◆ EXERCISE DESCRIPTION
Extract each line holding the word "mathfrak" from the entries.

** Opening DATA PROVIDED block **

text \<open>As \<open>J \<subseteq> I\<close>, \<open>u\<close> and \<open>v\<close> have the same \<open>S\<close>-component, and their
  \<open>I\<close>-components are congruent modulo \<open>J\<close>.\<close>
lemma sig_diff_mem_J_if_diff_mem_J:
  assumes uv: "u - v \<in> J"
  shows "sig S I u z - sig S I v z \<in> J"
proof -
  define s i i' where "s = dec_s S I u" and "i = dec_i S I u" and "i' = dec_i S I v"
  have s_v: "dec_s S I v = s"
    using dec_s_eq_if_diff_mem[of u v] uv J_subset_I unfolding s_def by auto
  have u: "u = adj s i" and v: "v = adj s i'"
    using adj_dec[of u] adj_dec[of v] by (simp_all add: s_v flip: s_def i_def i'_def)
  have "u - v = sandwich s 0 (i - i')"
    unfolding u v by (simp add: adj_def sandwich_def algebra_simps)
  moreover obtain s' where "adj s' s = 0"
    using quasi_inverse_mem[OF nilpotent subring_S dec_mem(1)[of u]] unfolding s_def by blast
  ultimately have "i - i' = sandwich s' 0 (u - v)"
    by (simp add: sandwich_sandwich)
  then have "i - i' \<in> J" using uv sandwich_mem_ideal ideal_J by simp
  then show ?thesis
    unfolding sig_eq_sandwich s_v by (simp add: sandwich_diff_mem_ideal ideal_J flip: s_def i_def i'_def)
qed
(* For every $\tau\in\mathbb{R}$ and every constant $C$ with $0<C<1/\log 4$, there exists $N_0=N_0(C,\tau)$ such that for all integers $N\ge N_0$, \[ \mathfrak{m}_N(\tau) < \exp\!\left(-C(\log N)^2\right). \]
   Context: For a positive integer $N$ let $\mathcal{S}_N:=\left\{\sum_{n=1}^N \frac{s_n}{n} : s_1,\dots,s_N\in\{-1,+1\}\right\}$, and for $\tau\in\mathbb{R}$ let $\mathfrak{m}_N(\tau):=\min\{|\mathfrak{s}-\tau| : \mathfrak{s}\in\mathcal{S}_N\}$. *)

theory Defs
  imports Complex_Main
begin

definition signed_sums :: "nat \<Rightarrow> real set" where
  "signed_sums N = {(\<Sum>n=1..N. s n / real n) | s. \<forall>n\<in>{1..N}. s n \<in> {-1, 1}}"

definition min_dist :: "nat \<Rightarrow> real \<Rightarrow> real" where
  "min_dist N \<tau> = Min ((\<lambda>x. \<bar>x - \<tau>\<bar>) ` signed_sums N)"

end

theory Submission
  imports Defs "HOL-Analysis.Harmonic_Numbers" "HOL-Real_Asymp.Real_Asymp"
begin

** Closing DATA PROVIDED block **

◆ OUTPUT FOR THIS TASK
(* For every $\tau\in\mathbb{R}$ and every constant $C$ with $0<C<1/\log 4$, there exists $N_0=N_0(C,\tau)$ such that for all integers $N\ge N_0$, \[ \mathfrak{m}_N(\tau) < \exp\!\left(-C(\log N)^2\right). \]
   Context: For a positive integer $N$ let $\mathcal{S}_N:=\left\{\sum_{n=1}^N \frac{s_n}{n} : s_1,\dots,s_N\in\{-1,+1\}\right\}$, and for $\tau\in\mathbb{R}$ let $\mathfrak{m}_N(\tau):=\min\{|\mathfrak{s}-\tau| : \mathfrak{s}\in\mathcal{S}_N\}$. *)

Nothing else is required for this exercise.